Konoha was the real target.
The Uzumaki were strong—exceptionally so, with their legendary vitality, their powerful chakra reserves, their unmatched sealing techniques. But they weren't so overwhelmingly powerful that they alone could warrant a coalition of three major villages, each led by their own Kage, each bringing thousands of elite shinobi.
No single clan could justify that level of military response.
This was, without any doubt, a carefully constructed trap. One with no apparent drawbacks for the coalition, and no good options for Konoha.
The close alliance between the Uzumaki and Konoha was common knowledge throughout the shinobi world. Everyone knew about the blood ties through the Senju clan, the marriage between Hashirama and Mito, the decades of cooperation and mutual support.
That meant there was at least a ninety percent probability—maybe higher—that Konoha would feel obligated to come to their aid when the assault began.
And once that happened, once Konoha committed forces to defend Uzushiogakure, the enemy's ten-thousand-strong coalition would force them into a catastrophic all-out battle far from their home territory.
Even if Konoha somehow managed to win such a battle—and that was far from certain—they would suffer absolutely devastating losses. Thousands of dead shinobi. Their best warriors fallen.

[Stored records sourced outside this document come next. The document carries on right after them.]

lemma square_add: "(x + y) ^ 2 = x ^ 2 + (y::'a) ^ 2"
  by (simp add: power2_sum)

lemma cnj_add [simp]: "cnj (x + y) = cnj x + cnj y"
proof -
  obtain h where "q = 2 ^ h" using q_power_of_2 by blast
  then show ?thesis
    using CHAR_2 freshmans_dream'[of q h x y] by (simp add: cnj_def)
qed

lemma cnj_mult [simp]: "cnj (x * y) = cnj x * cnj y"
  by (simp add: cnj_def power_mult_distrib)

lemma cnj_0 [simp]: "cnj 0 = 0"
  using q_power_of_2 by (auto simp: cnj_def)

lemma cnj_divide [simp]: "cnj (x / y) = cnj x / cnj y"
  by (simp add: cnj_def power_divide)

lemma cnj_eq_0_iff [simp]: "cnj x = 0 \<longleftrightarrow> x = 0"
  by (metis cnj_0 cnj_cnj)

lemma subF_iff_cnj_eq: "x \<in> subF q \<longleftrightarrow> cnj x = x"
  by (simp add: subF_def cnj_def)

definition tr :: "'a \<Rightarrow> 'a" where
  "tr x = cnj x + x"

definition nrm :: "'a \<Rightarrow> 'a" where
  "nrm x = cnj x * x"

lemma cnj_tr [simp]: "cnj (tr x) = tr x"
  by (simp add: tr_def add.commute)

lemma cnj_nrm [simp]: "cnj (nrm x) = nrm x"
  by (simp add: nrm_def mult.commute)

lemma nrm_eq_0_iff [simp]: "nrm x = 0 \<longleftrightarrow> x = 0"
  by (simp add: nrm_def)

lemma tr_0 [simp]: "tr 0 = 0"
  by (simp add: tr_def)

lemma tr_add: "tr (x + y) = tr x + tr y"
  by (simp add: tr_def algebra_simps)

lemma tr_scale: "cnj c = c \<Longrightarrow> tr (c * x) = c * tr x"
  by (simp add: tr_def algebra_simps)

lemma power_Suc_q_eq_nrm: "x ^ (q + 1) = nrm x"
  by (simp add: nrm_def cnj_def)

definition qform :: "'a \<Rightarrow> 'a \<Rightarrow> 'a \<Rightarrow> 'a" where
  "qform a b w = tr (a * w ^ 2) + b * nrm w"

lemma cnj_qform: "cnj b = b \<Longrightarrow> cnj (qform a b w) = qform a b w"
  by (simp add: qform_def)

lemma qform_smult: "cnj m = m \<Longrightarrow> qform a b (m * w) = m ^ 2 * qform a b w"
  by (simp add: qform_def nrm_def tr_def algebra_simps power2_eq_square)

lemma qform_add: "qform a b (x + z) = qform a b x + qform a b z + b * tr (cnj x * z)"
proof -
  have "nrm (x + z) = nrm x + nrm z + tr (cnj x * z)"
    by (simp add: nrm_def tr_def algebra_simps)
  then show ?thesis
    by (simp add: qform_def square_add tr_add algebra_simps)
qed

lemma qform_anisotropic:
  assumes q: "q = 2 ^ h" and b: "cnj b = b" "b \<noteq> 0"
    and trace: "abs_trace h (nrm a / b ^ 2) = 0" and w: "w \<noteq> 0"
  shows "qform a b w \<noteq> 0"
proof
  assume "qform a b w = 0"
  then have tr_aw: "tr (a * w ^ 2) = b * nrm w"
    by (simp add: qform_def add_eq_0_iff_eq)
  define u where "u = a * w ^ 2 / (b * nrm w)"
  have "tr u = tr (a * w ^ 2) / (b * nrm w)"
    using b by (simp add: u_def tr_def add_divide_distrib)
  then have tr_u: "tr u = 1"
    using tr_aw b w by simp
  have "nrm u = nrm a * nrm w ^ 2 / (b ^ 2 * nrm w ^ 2)"
    using b by (simp add: u_def nrm_def power2_eq_square mult_ac)
  then have nrm_u: "nrm u = nrm a / b ^ 2"
    using w by simp
  have "u ^ 2 + u = u ^ 2 + u * tr u"
    using tr_u by simp
  also have "\<dots> = nrm u"
    by (simp add: tr_def nrm_def power2_eq_square algebra_simps)
  finally have "abs_trace h (nrm a / b ^ 2) = abs_trace h (u ^ 2 + u)"
    using nrm_u by simp
  also have "\<dots> = tr u"
    using abs_trace_artin_schreier[OF CHAR_2] q by (simp add: tr_def cnj_def add.commute)
  finally show False
    using trace tr_u by simp
qed

lemma qform_level_set_second_point:
  assumes aniso: "\<And>w. w \<noteq> 0 \<Longrightarrow> qform a b w \<noteq> 0"
    and b: "cnj b = b" "b \<noteq> 0" and d: "tr d = 1" and y: "y \<noteq> 0"
  shows "\<exists>z. z \<noteq> 0 \<and> qform a b (y + z) = qform a b y"
proof -
  have "d \<noteq> 0" using d by (auto simp: tr_def)
  then have Q_dy: "qform a b (d * y) \<noteq> 0"
    using aniso y by simp
  \<comment> \<open>For t in F_q, Q(y + t d y) = Q(y) + t (t Q(d y) + b N(y)); z is the nonzero root.\<close>
  define \<mu> where "\<mu> = b * nrm y / qform a b (d * y)"
  define z where "z = \<mu> * (d * y)"
  have cnj_\<mu>: "cnj \<mu> = \<mu>"
    using b by (simp add: \<mu>_def cnj_qform)
  have "z \<noteq> 0"
    using b \<open>d \<noteq> 0\<close> y Q_dy by (simp add: z_def \<mu>_def)
  have "tr (cnj y * z) = \<mu> * nrm y * tr d"
    using cnj_\<mu> by (simp add: z_def tr_def nrm_def algebra_simps)
  then have "qform a b z + b * tr (cnj y * z) = \<mu> * (\<mu> * qform a b (d * y) + b * nrm y)"
    using d cnj_\<mu> by (simp add: z_def qform_smult power2_eq_square algebra_simps)
  also have "\<mu> * qform a b (d * y) = b * nrm y"
    using Q_dy by (simp add: \<mu>_def)
  finally have "qform a b (y + z) = qform a b y"
    by (simp add: qform_add)
  with \<open>z \<noteq> 0\<close> show ?thesis by blast
qed

lemma qform_conic_singleton_center:
  assumes aniso: "\<And>w. w \<noteq> 0 \<Longrightarrow> qform a b w \<noteq> 0"
    and b: "cnj b = b" "b \<noteq> 0" and d: "tr d = 1"
    and singleton: "{x. qform a b x + tr (M * x) = k} = {x\<^sub>1}"
  shows "M = b * cnj x\<^sub>1"
proof -
  define c where "c = cnj (M / b)"
  have M: "M = b * cnj c"
    using b by (simp add: c_def)
  have complete_square: "qform a b x + tr (M * x) = qform a b (x + c) + qform a b c" for x
    using b by (simp add: M qform_add tr_def algebra_simps)
  have "x\<^sub>1 + c = 0"
  proof (rule ccontr)
    assume "x\<^sub>1 + c \<noteq> 0"
    then obtain z where "z \<noteq> 0" and "qform a b (x\<^sub>1 + c + z) = qform a b (x\<^sub>1 + c)"
      using qform_level_set_second_point[OF aniso b d] by blast
    then have "qform a b (x\<^sub>1 + z) + tr (M * (x\<^sub>1 + z)) = qform a b x\<^sub>1 + tr (M * x\<^sub>1)"
      by (simp only: complete_square add_ac)
    moreover have "qform a b x\<^sub>1 + tr (M * x\<^sub>1) = k"
      using singleton by blast
    ultimately have "x\<^sub>1 + z \<in> {x. qform a b x + tr (M * x) = k}"
      by simp
    with \<open>z \<noteq> 0\<close> show False
      using singleton by simp
  qed
  then show ?thesis
    by (simp add: M add_eq_0_iff_eq)
qed


lemma tangent_line_through_axis_point:
  fixes \<alpha> \<beta> \<delta> :: 'a
  assumes "l \<in> PG2_lines" and "ppt (0, \<delta>, 1) \<in> l" and "l \<inter> U_ab q \<alpha> \<beta> = {P}"
  obtains M where "l = pline (M, 1, \<delta>)"
proof -
  obtain a b c where "(a, b, c) \<noteq> (0, 0, 0)" and l: "l = pline (a, b, c)"
    using assms(1) by (rule PG2_linesE)
  have "dot3 (a, b, c) (0, \<delta>, 1) = 0"
    using assms(2) by (simp add: l ppt_in_pline_iff)
  then have c: "c = b * \<delta>"
    by (simp add: dot3_def add_eq_0_iff_eq)
  have "b \<noteq> 0"
  proof
    assume "b = 0"
    then have "ppt (0, 1, 0) \<in> l" and "ppt (0, 0, 1) \<in> l"
      using c by (simp_all add: l ppt_in_pline_iff dot3_def)
    moreover have "ppt (0, 0, 1) \<in> U_ab q \<alpha> \<beta>"
      by (simp add: ppt_affine_in_U_ab_iff subF_iff_cnj_eq)
    ultimately have "ppt (0, 1, 0) \<in> {P}" and "ppt (0, 0, 1) \<in> {P}"
      using ppt_010_in_U_ab unfolding assms(3)[symmetric] by simp_all
    then show False
      by (metis ppt_010_neq_affine singletonD)
  qed
  then have "l = pline (smult3 (1 / b) (a, b, c))"
    by (simp add: l pline_smult3)
  also have "smult3 (1 / b) (a, b, c) = (a / b, 1, \<delta>)"
    using \<open>b \<noteq> 0\<close> by (simp add: smult3_def c)
  finally show thesis by (rule that)
qed

lemma affine_point_in_U_ab_iff:
  assumes "tr \<delta> = 1"
  shows "ppt (x, M * x + \<delta>, 1) \<in> U_ab q \<alpha> \<beta> \<longleftrightarrow> qform \<alpha> (tr \<beta>) x + tr (M * x) = 1"
proof -
  define e where "e = M * x + \<delta> + \<alpha> * x ^ 2 + \<beta> * nrm x"
  have "tr e = tr (M * x) + tr \<delta> + tr (\<alpha> * x ^ 2) + nrm x * tr \<beta>"
    by (simp add: e_def tr_add tr_scale mult.commute[of \<beta>])
  also have "\<dots> = 1 + (qform \<alpha> (tr \<beta>) x + tr (M * x))"
    by (simp add: assms qform_def mult.commute add_ac)
  finally have "tr e = 1 + (qform \<alpha> (tr \<beta>) x + tr (M * x))" .
  moreover have "e \<in> subF q \<longleftrightarrow> tr e = 0"
    by (simp add: subF_iff_cnj_eq tr_def add_eq_0_iff_eq)
  ultimately show ?thesis
    unfolding ppt_affine_in_U_ab_iff power_Suc_q_eq_nrm diff_eq_add e_def[symmetric]
    by (metis add_eq_0_iff_eq)
qed

lemma pline_inter_U_ab:
  assumes "tr \<delta> = 1"
  shows "pline (M, 1, \<delta>) \<inter> U_ab q \<alpha> \<beta>
    = (\<lambda>x. ppt (x, M * x + \<delta>, 1)) ` {x. qform \<alpha> (tr \<beta>) x + tr (M * x) = 1}"
proof (intro equalityI subsetI)
  fix P
  assume P: "P \<in> pline (M, 1, \<delta>) \<inter> U_ab q \<alpha> \<beta>"
  have "P \<noteq> ppt (0, 1, 0)"
    using P by (auto simp: ppt_in_pline_iff dot3_def)
  then obtain x y where Pxy: "P = ppt (x, y, 1)"
    using P U_ab_cases by blast
  with P have "y = M * x + \<delta>"
    by (simp add: ppt_in_pline_iff dot3_def add_eq_0_iff_eq add_ac)
  with P Pxy show "P \<in> (\<lambda>x. ppt (x, M * x + \<delta>, 1)) ` {x. qform \<alpha> (tr \<beta>) x + tr (M * x) = 1}"
    using affine_point_in_U_ab_iff[OF assms] by blast
next
  fix P
  assume "P \<in> (\<lambda>x. ppt (x, M * x + \<delta>, 1)) ` {x. qform \<alpha> (tr \<beta>) x + tr (M * x) = 1}"
  then obtain x where "P = ppt (x, M * x + \<delta>, 1)" and "qform \<alpha> (tr \<beta>) x + tr (M * x) = 1"
    by blast
  then show "P \<in> pline (M, 1, \<delta>) \<inter> U_ab q \<alpha> \<beta>"
    using affine_point_in_U_ab_iff[OF assms] by (simp add: ppt_in_pline_iff dot3_def)
qed

lemma pedal_subset_norm_curve:
  assumes \<delta>: "tr \<delta> = 1" and \<beta>: "tr \<beta> \<noteq> 0"
    and aniso: "\<And>w. w \<noteq> 0 \<Longrightarrow> qform \<alpha> (tr \<beta>) w \<noteq> 0"
  shows "pedal (U_ab q \<alpha> \<beta>) (ppt (0, \<delta>, 1)) \<subseteq> range (\<lambda>x. ppt (x, tr \<beta> * nrm x + \<delta>, 1))"
proof
  fix P
  assume "P \<in> pedal (U_ab q \<alpha> \<beta>) (ppt (0, \<delta>, 1))"
  then obtain l where l: "l \<in> PG2_lines" "ppt (0, \<delta>, 1) \<in> l" "l \<inter> U_ab q \<alpha> \<beta> = {P}"
    unfolding pedal_def tangent_line_def by blast
  then obtain M where "l = pline (M, 1, \<delta>)"
    by (rule tangent_line_through_axis_point)
  define g where "g x = ppt (x, M * x + \<delta>, 1)" for x
  define S where "S = {x. qform \<alpha> (tr \<beta>) x + tr (M * x) = 1}"
  have gS: "g ` S = {P}"
    using l pline_inter_U_ab[OF \<delta>] by (simp add: g_def S_def \<open>l = pline (M, 1, \<delta>)\<close>)
  then obtain x\<^sub>1 where "x\<^sub>1 \<in> S" and P: "P = g x\<^sub>1"
    by (metis imageE insertI1)
  have "S = {x\<^sub>1}"
  proof (intro equalityI subsetI)
    fix x
    assume "x \<in> S"
    then have "g x = g x\<^sub>1"
      using gS P by blast
    then show "x \<in> {x\<^sub>1}"
      by (simp add: g_def ppt_affine_eq_iff)
  qed (use \<open>x\<^sub>1 \<in> S\<close> in simp)
  then have "M = tr \<beta> * cnj x\<^sub>1"
    using qform_conic_singleton_center[OF aniso _ \<beta> \<delta>] by (simp add: S_def)
  then show "P \<in> range (\<lambda>x. ppt (x, tr \<beta> * nrm x + \<delta>, 1))"
    by (simp add: P g_def nrm_def mult.assoc)
qed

Their military capacity crippled for years, perhaps decades to come.
The village would be vulnerable. Weak. Ripe for conquest by whoever struck next.
And the other villages knew it. They were counting on it.
Yes... that was the enemy's plan all along, elegant in its simplicity and brutal in its execution.
Force Konoha into an impossible choice: abandon their allies and lose all credibility and future alliances, or defend them and bleed themselves dry in the process.
Either way, Konoha lost.
Either way, the coalition won.
Sarutobi took a long draw from his pipe, the smoke bitter on his tongue.
Danzō's expression remained cold and calculating. "Then we do nothing. We sacrifice the Uzumaki and preserve Konoha's strength. It's the logical choice."
"The logical choice," Sarutobi repeated quietly, staring at the smoke curling from his pipe. "Yes. Logic."
But logic didn't make the decision feel any less like betrayal.